Ибо пора нам перейти теперь к Евтихию, который, сбившись с проторенной древними колеи па бездорожье, ударился в противоположное заблуждение и настолько резко выступил против веры в два лица во Христе, что объявил, будто не следует исповедовать в Нем и двойную природу; таким образом, раз человек воспринят [божественной природой], то для того, чтобы совершилось объединение его с Богом, нужно, чтобы человеческой природы [там] вовсе не осталось. Заблуждение Евтихия проистекает из того же источника, что и Несториево. В самом деле, Несторий полагает, что не может быть двух природ без двух лиц, и потому, исповедуя во Христе две природы, уверовал, что и лиц – два; точно так же и Ев- тихий решил, что не может быть двух природ без удвоения лиц, а так как двух лиц он не исповедовал, то заключил, что и природа должна быть одна. Таким образом, Несторий, совершенно правильно усматривая во Христе двойную природу, при этом кощунственно исповедует два лица; а Евтихий, правильно веруя в одно лицо, нечестиво верит при этом, что и природа одна.

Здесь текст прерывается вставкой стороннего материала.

(* Let $\mathbb{F}_q$ be a finite field, $n\geq 1$, and let $k_1,\dots,k_n$ be nonnegative integers. For $A\in Mat_{n\times n}(\mathbb{F}_q[x])$ write $A=\sum_{d\geq 0}A_d x^d$ with $A_d\in Mat_{n\times n}(\mathbb{F}_q)$. Then \[\#\{A=(a_{i,j})\in GL_n(\mathbb{F}_q[x]) : \deg(a_{i,j})\leq k_j \text{ for all } 1\leq i,j\leq n,\ A_0=I_n\}=q^{(n-1)\sum_{1\leq i\leq n}k_i}.\]
   Context: $GL_n(\mathbb{F}_q[x])$ denotes the invertible $n\times n$ matrices over $\mathbb{F}_q[x]$ (determinant a nonzero constant). The zero polynomial is regarded as having degree $\leq k_j$ for every $k_j$. $A_0$ is the constant-term matrix of $A$. *)

theory Defs
  imports "HOL-Analysis.Analysis" "HOL-Computational_Algebra.Polynomial"
begin

end

theory Submission
  imports Defs
begin

(* Write T(A) for the matrix whose column j holds the coefficients of x^(k_j) in column j of A.
   The coefficient of x^(\<Sum> k_j) in det A is det T(A); since invertibility together with
   A(0) = I forces det A = 1, T(A) is singular as soon as \<Sum> k_j > 0.

   Let H(k, S) consist of the matrices whose columns of T(A) indexed by S are independent.
   Adding to S an index j with maximal bound k_j, the matrices that lose independence are those
   with a kernel vector e_j + v, v supported on S.  For each such v, adding
   \<Sum>_c v_c x^(k_j - k_c) times column c to column j maps them bijectively onto those with
   T(A) e_j = 0, that is, onto H(k - e_j, S) (empty if k_j = 0).  Hence
   |H(k, S)| = |H(k, S + j)| + q^|S| |H(k - e_j, S)|, and induction on \<Sum> k_j gives
   |H(k, S)| = q^((n-1) \<Sum> k_j) \<Prod>_(u<s) (1 - q^(u+z-(n-1))), where s and z count the m \<in> S
   with k_m > 0 and k_m = 0.  The theorem is the case S = {}. *)

section \<open>Adjugates and transvections over commutative rings\<close>

lemma det_replace_row_lincomb:
  fixes A :: "'a::comm_ring_1^'n^'n"
  shows "det (\<chi> r. if r = k then (\<Sum>c\<in>UNIV. x c *s row c A) else row r A) = x k * det A"
proof -
  have "det (\<chi> r. if r = k then (\<Sum>c\<in>UNIV. x c *s row c A) else row r A)
      = (\<Sum>c\<in>UNIV. x c * det (\<chi> r. if r = k then row c A else row r A))"
    by (simp add: det_linear_row_sum det_row_mul)
  also have "\<dots> = (\<Sum>c\<in>UNIV. if c = k then x k * det A else 0)"
  proof (rule sum.cong)
    fix c
    show "x c * det (\<chi> r. if r = k then row c A else row r A) = (if c = k then x k * det A else 0)"
    proof (cases "c = k")
      case True
      then have "(\<chi> r. if r = k then row c A else row r A) = A"
        by (simp add: vec_eq_iff row_def)
      with True show ?thesis by simp
    next
      case False
      then have "det (\<chi> r. if r = k then row c A else row r A) = 0"
        by (intro det_identical_rows[of c k]) (auto simp: row_def vec_eq_iff)
      with False show ?thesis by simp
    qed
  qed simp
  finally show ?thesis by simp
qed

definition adjugate :: "'a::comm_ring_1^'n^'n \<Rightarrow> 'a^'n^'n" where
  "adjugate A = (\<chi> j k. det (\<chi> r. if r = k then axis j 1 else row r A))"

lemma matrix_mul_adjugate:
  fixes A :: "'a::comm_ring_1^'n^'n"
  shows "A ** adjugate A = mat (det A)"
proof -
  have "(A ** adjugate A) $ i $ k = mat (det A) $ i $ k" for i k
  proof -
    have "(A ** adjugate A) $ i $ k = (\<Sum>j\<in>UNIV. det (\<chi> r. if r = k then A$i$j *s axis j 1 else row r A))"
      by (simp add: matrix_matrix_mult_def adjugate_def det_row_mul)
    also have "\<dots> = det (\<chi> r. if r = k then (\<Sum>j\<in>UNIV. A$i$j *s axis j 1) else row r A)"
      by (rule det_linear_row_sum[symmetric]) simp
    also have "(\<Sum>j\<in>UNIV. A$i$j *s axis j (1::'a)) = (\<Sum>c\<in>UNIV. (if c = i then 1 else 0) *s row c A)"
      by (simp add: vec_eq_iff axis_def row_def sum_component
          if_distrib[of "\<lambda>x. x * _"] if_distrib[of "\<lambda>x. _ * x"] cong: if_cong)
    also have "det (\<chi> r. if r = k then \<dots> else row r A) = mat (det A) $ i $ k"
      by (simp only: det_replace_row_lincomb) (simp add: mat_def)
    finally show ?thesis .
  qed
  then show ?thesis by (simp add: vec_eq_iff)
qed

lemma mat_mul_mat: "mat a ** mat b = (mat (a * b) :: 'a::semiring_1^'n^'n)"
  by (simp add: vec_eq_iff matrix_matrix_mult_def mat_def
      if_distrib[of "\<lambda>x. x * _"] if_distrib[of "\<lambda>x. _ * x"] cong: if_cong)

lemma invertible_iff_det_dvd_1:
  fixes A :: "'a::comm_ring_1^'n^'n"
  shows "invertible A \<longleftrightarrow> det A dvd 1"
proof
  assume "invertible A"
  then obtain B where "A ** B = mat 1" by (auto simp: invertible_def)
  then have "det A * det B = 1" by (metis det_I det_mul)
  then show "det A dvd 1" by (metis dvdI)
next
  assume "det A dvd 1"
  then obtain e where e: "1 = det A * e" by (rule dvdE)
  define B where "B = adjugate A ** mat e"
  define C where "C = mat e ** transpose (adjugate (transpose A))"
  have "A ** B = (A ** adjugate A) ** mat e"
    by (simp add: B_def matrix_mul_assoc)
  also have "\<dots> = mat 1"
    by (simp add: matrix_mul_adjugate mat_mul_mat e)
  finally have right: "A ** B = mat 1" .
  have "C ** A = mat e ** transpose (transpose A ** adjugate (transpose A))"
    by (simp add: C_def matrix_mul_assoc matrix_transpose_mul)
  also have "\<dots> = mat 1"
    by (simp add: matrix_mul_adjugate mat_mul_mat e mult.commute)
  finally have left: "C ** A = mat 1" .
  have "C = C ** (A ** B)" by (simp add: right)
  also have "\<dots> = B" by (simp add: matrix_mul_assoc left)
  finally have "C = B" .
  with left right show "invertible A"
    unfolding invertible_def by blast
qed

definition transvection :: "'n \<Rightarrow> 'a::comm_ring_1^'n \<Rightarrow> 'a^'n^'n" where
  "transvection j u = mat 1 + (\<chi> a b. if b = j then u$a else 0)"

lemma matrix_mul_transvection:
  "(A ** transvection j u) $ a $ b = A$a$b + (if b = j then (A *v u)$a else 0)"
proof -
  have "A ** (\<chi> a b. if b = j then u$a else 0) = (\<chi> a b. if b = j then (A *v u)$a else 0)"
    by (auto simp: vec_eq_iff matrix_matrix_mult_def matrix_vector_mult_def)
  then show ?thesis by (simp add: transvection_def matrix_add_ldistrib)
qed

lemma transvection_mul_matrix:
  fixes B :: "'a::comm_ring_1^'m^'n"
  shows "(transvection j u ** B) $ a $ b = B$a$b + u$a * B$j$b"
proof -
  have "(mat 1 + X) ** B = B + X ** B" for X :: "'a^'n^'n"
    by (simp add: vec_eq_iff matrix_matrix_mult_def distrib_right sum.distrib mat_def
        if_distrib[of "\<lambda>x. x * _"] cong: if_cong)
  moreover have "(\<chi> a b. if b = j then u$a else 0) ** B = (\<chi> a b. u$a * B$j$b)"
    by (simp add: vec_eq_iff matrix_matrix_mult_def if_distrib[of "\<lambda>x. x * _"] cong: if_cong)
  ultimately show ?thesis by (simp add: transvection_def)
qed

lemma transvection_mul_vector: "transvection j u *v y = y + y$j *s u"
proof -
  have "(\<chi> a b. if b = j then u$a else 0) *v y = y$j *s u"
    by (simp add: vec_eq_iff matrix_vector_mult_def if_distrib[of "\<lambda>x. _ * x"] mult.commute cong: if_cong)
  then show ?thesis by (simp add: transvection_def matrix_vector_mult_add_rdistrib)
qed

lemma transvection_mul_transvection:
  assumes "u'$j = 0"
  shows "transvection j u ** transvection j u' = transvection j (u + u')"
  using assms by (auto simp: vec_eq_iff transvection_mul_matrix) (auto simp: transvection_def mat_def)

lemma transvection_0 [simp]: "transvection j 0 = mat 1"
  by (simp add: transvection_def mat_def vec_eq_iff)

lemma det_transvection:
  assumes "u$j = 0"
  shows "det (transvection j u) = 1"
proof -
  let ?x = "\<lambda>c. if c = j then 1 else u$c"
  have "transpose (transvection j u)
      = (\<chi> r. if r = j then (\<Sum>c\<in>UNIV. ?x c *s row c (mat 1)) else row r (mat 1))"
    using assms by (auto simp: vec_eq_iff transpose_def transvection_def row_def mat_def
        sum_component if_distrib[of "\<lambda>x. _ * x"] cong: if_cong)
  then have "det (transpose (transvection j u)) = 1"
    by (simp add: det_replace_row_lincomb)
  then show ?thesis by simp
qed

lemma transvection_mul_vector_eq_0_iff:
  assumes "w$j = 0"
  shows "transvection j w *v z = 0 \<longleftrightarrow> z = 0"
proof
  assume "transvection j w *v z = 0"
  then have "transvection j (- w) *v (transvection j w *v z) = 0" by simp
  then show "z = 0"
    using assms by (simp add: matrix_vector_mul_assoc transvection_mul_transvection)
qed simp

section \<open>Independent columns\<close>

definition cols_indep :: "'a::semiring_1^'n^'m \<Rightarrow> 'n set \<Rightarrow> bool" where
  "cols_indep M S \<longleftrightarrow> (\<forall>y. (\<forall>m. m \<notin> S \<longrightarrow> y$m = 0) \<longrightarrow> M *v y = 0 \<longrightarrow> y = 0)"

lemma cols_indep_UNIV_imp_det_nonzero:
  fixes M :: "'a::field^'n^'n"
  assumes "cols_indep M UNIV"
  shows "det M \<noteq> 0"
proof -
  have "\<exists>B. B ** M = mat 1"
    using assms by (simp add: matrix_left_invertible_ker cols_indep_def)
  then obtain B where "B ** M = mat 1" ..
  then have "det B * det M = 1" by (metis det_I det_mul)
  then show ?thesis by auto
qed

lemma cols_indep_mono: "S \<subseteq> S' \<Longrightarrow> cols_indep M S' \<Longrightarrow> cols_indep M S"
  unfolding cols_indep_def by blast

lemma not_cols_indep_insert_iff:
  fixes M :: "'a::field^'n^'m"
  assumes indep: "cols_indep M S" and jS: "j \<notin> S"
  shows "\<not> cols_indep M (insert j S) \<longleftrightarrow>
    (\<exists>v. (\<forall>m. m \<notin> S \<longrightarrow> v$m = 0) \<and> M *v (axis j 1 + v) = 0)"
proof
  assume "\<not> cols_indep M (insert j S)"
  then obtain y where supp: "\<forall>m. m \<notin> insert j S \<longrightarrow> y$m = 0" and ker: "M *v y = 0" and "y \<noteq> 0"
    by (auto simp: cols_indep_def)
  have yj: "y$j \<noteq> 0"
  proof
    assume "y$j = 0"
    then have "\<forall>m. m \<notin> S \<longrightarrow> y$m = 0" using supp by auto
    with indep ker \<open>y \<noteq> 0\<close> show False by (auto simp: cols_indep_def)
  qed
  define v where "v = inverse (y$j) *s y - axis j 1"
  have "\<forall>m. m \<notin> S \<longrightarrow> v$m = 0" using supp yj by (auto simp: v_def axis_def)
  moreover have "M *v (axis j 1 + v) = 0" using ker by (simp add: v_def vector_scalar_commute)
  ultimately show "\<exists>v. (\<forall>m. m \<notin> S \<longrightarrow> v$m = 0) \<and> M *v (axis j 1 + v) = 0" by blast
next
  assume "\<exists>v. (\<forall>m. m \<notin> S \<longrightarrow> v$m = 0) \<and> M *v (axis j 1 + v) = 0"
  then obtain v where supp: "\<forall>m. m \<notin> S \<longrightarrow> v$m = 0" and ker: "M *v (axis j 1 + v) = 0" by blast
  have "(axis j 1 + v) $ j = 1" using supp jS by simp
  then have "axis j 1 + v \<noteq> 0" by (metis zero_index zero_neq_one)
  moreover have "\<forall>m. m \<notin> insert j S \<longrightarrow> (axis j 1 + v)$m = 0" using supp by (simp add: axis_def)
  ultimately show "\<not> cols_indep M (insert j S)" using ker unfolding cols_indep_def by blast
qed

lemma cols_indep_kernel_unique:
  fixes M :: "'a::comm_ring_1^'n^'m"
  assumes "cols_indep M S" "\<forall>m. m \<notin> S \<longrightarrow> v$m = 0" "\<forall>m. m \<notin> S \<longrightarrow> v'$m = 0"
    and "M *v (x + v) = 0" "M *v (x + v') = 0"
  shows "v = v'"
proof -
  have "M *v (v - v') = M *v (x + v) - M *v (x + v')"
    by (simp add: matrix_vector_mult_diff_distrib matrix_vector_right_distrib)
  then have "M *v (v - v') = 0" using assms(4,5) by simp
  moreover have "\<forall>m. m \<notin> S \<longrightarrow> (v - v')$m = 0" using assms(2,3) by simp
  ultimately have "v - v' = 0" using assms(1) unfolding cols_indep_def by blast
  then show ?thesis by simp
qed

lemma matrix_vector_mult_axis: "(M *v axis j 1) $ i = M $ i $ j"
  by (simp add: matrix_vector_mult_def axis_def if_distrib[of "\<lambda>x. _ * x"] cong: if_cong)

lemma finite_vecs_with_entries_in:
  assumes "finite F"
  shows "finite {v :: 'a^'n. \<forall>i. v$i \<in> F}"
proof -
  have "{v :: 'a^'n. \<forall>i. v$i \<in> F} \<subseteq> vec_lambda ` (UNIV \<rightarrow>\<^sub>E F)"
    by (auto intro: image_eqI[where x = "vec_nth v" for v])
  moreover have "finite (vec_lambda ` (UNIV \<rightarrow>\<^sub>E F) :: ('a^'n) set)"
    using assms by (intro finite_imageI finite_PiE) auto
  ultimately show ?thesis by (rule finite_subset)
qed

lemma card_vecs_supported_on:
  "card {v :: 'a::{zero,finite}^'n. \<forall>m. m \<notin> S \<longrightarrow> v$m = 0} = CARD('a) ^ card S"
proof -
  let ?F = "\<lambda>m. if m \<in> S then UNIV else {0::'a}"
  have "{v :: 'a^'n. \<forall>m. m \<notin> S \<longrightarrow> v$m = 0} = vec_lambda ` (PiE UNIV ?F)"
    by (auto intro: image_eqI[where x = "vec_nth v" for v] split: if_splits)
  moreover have "inj_on vec_lambda (PiE UNIV ?F)"
    by (rule inj_onI) (simp add: vec_lambda_inject)
  moreover have "card (PiE UNIV ?F) = CARD('a) ^ card S"
    by (simp add: card_PiE if_distrib[of card] prod.If_cases)
  ultimately show ?thesis by (simp add: card_image)
qed

section \<open>Leading column coefficients of polynomial matrices\<close>

lemma coeff_0_det:
  fixes A :: "'a::comm_ring_1 poly^'n^'n"
  shows "coeff (det A) 0 = det (map_matrix (\<lambda>p. coeff p 0) A)"
  by (simp add: det_def poly_0_coeff_0[symmetric] poly_sum poly_prod)

lemma map_matrix_coeff_0_mult:
  fixes A :: "'a::comm_ring_1 poly^'n^'m" and B :: "'a poly^'p^'n"
  shows "map_matrix (\<lambda>p. coeff p 0) (A ** B) = map_matrix (\<lambda>p. coeff p 0) A ** map_matrix (\<lambda>p. coeff p 0) B"
  by (simp add: vec_eq_iff matrix_matrix_mult_def coeff_sum coeff_mult_0)

lemma map_matrix_coeff_0_transvection:
  "map_matrix (\<lambda>p. coeff p 0) (transvection j u) = transvection j (\<chi> c. coeff (u$c) 0)"
  by (simp add: vec_eq_iff transvection_def mat_def)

Убеждаемый самой очевидностью вещей – ясно ведь, что природа человека иная, нежели природа Бога,– Евтихий утверждает, что исповедует две природы во Христе до объединения, но одну – после объединения. Однако способ выражения здесь оставляет смысл этого утверждения не вполне ясным. Разберем же его подробнее, дабы обнаружилось все его безумие.

Объединение природ должно было бы произойти либо во время рождения, либо во время воскресения. Но если оно совершилось во время рождения, приходится думать, что и до рождения существовала человеческая плоть [Христа] и что взята она была не от Марии, но приготовлена каким-то иным образом, Дева же Мария, от которой должна была родиться эта плоть, но от которой она не была взята, прибавлена здесь [неизвестно для чего]; что же до предсуществовавшей плоти, то она была совершенно независима и отделена от субстанции Божества. Когда же Он родился от Девы, то объединился с Богом, так что получилась одна природа.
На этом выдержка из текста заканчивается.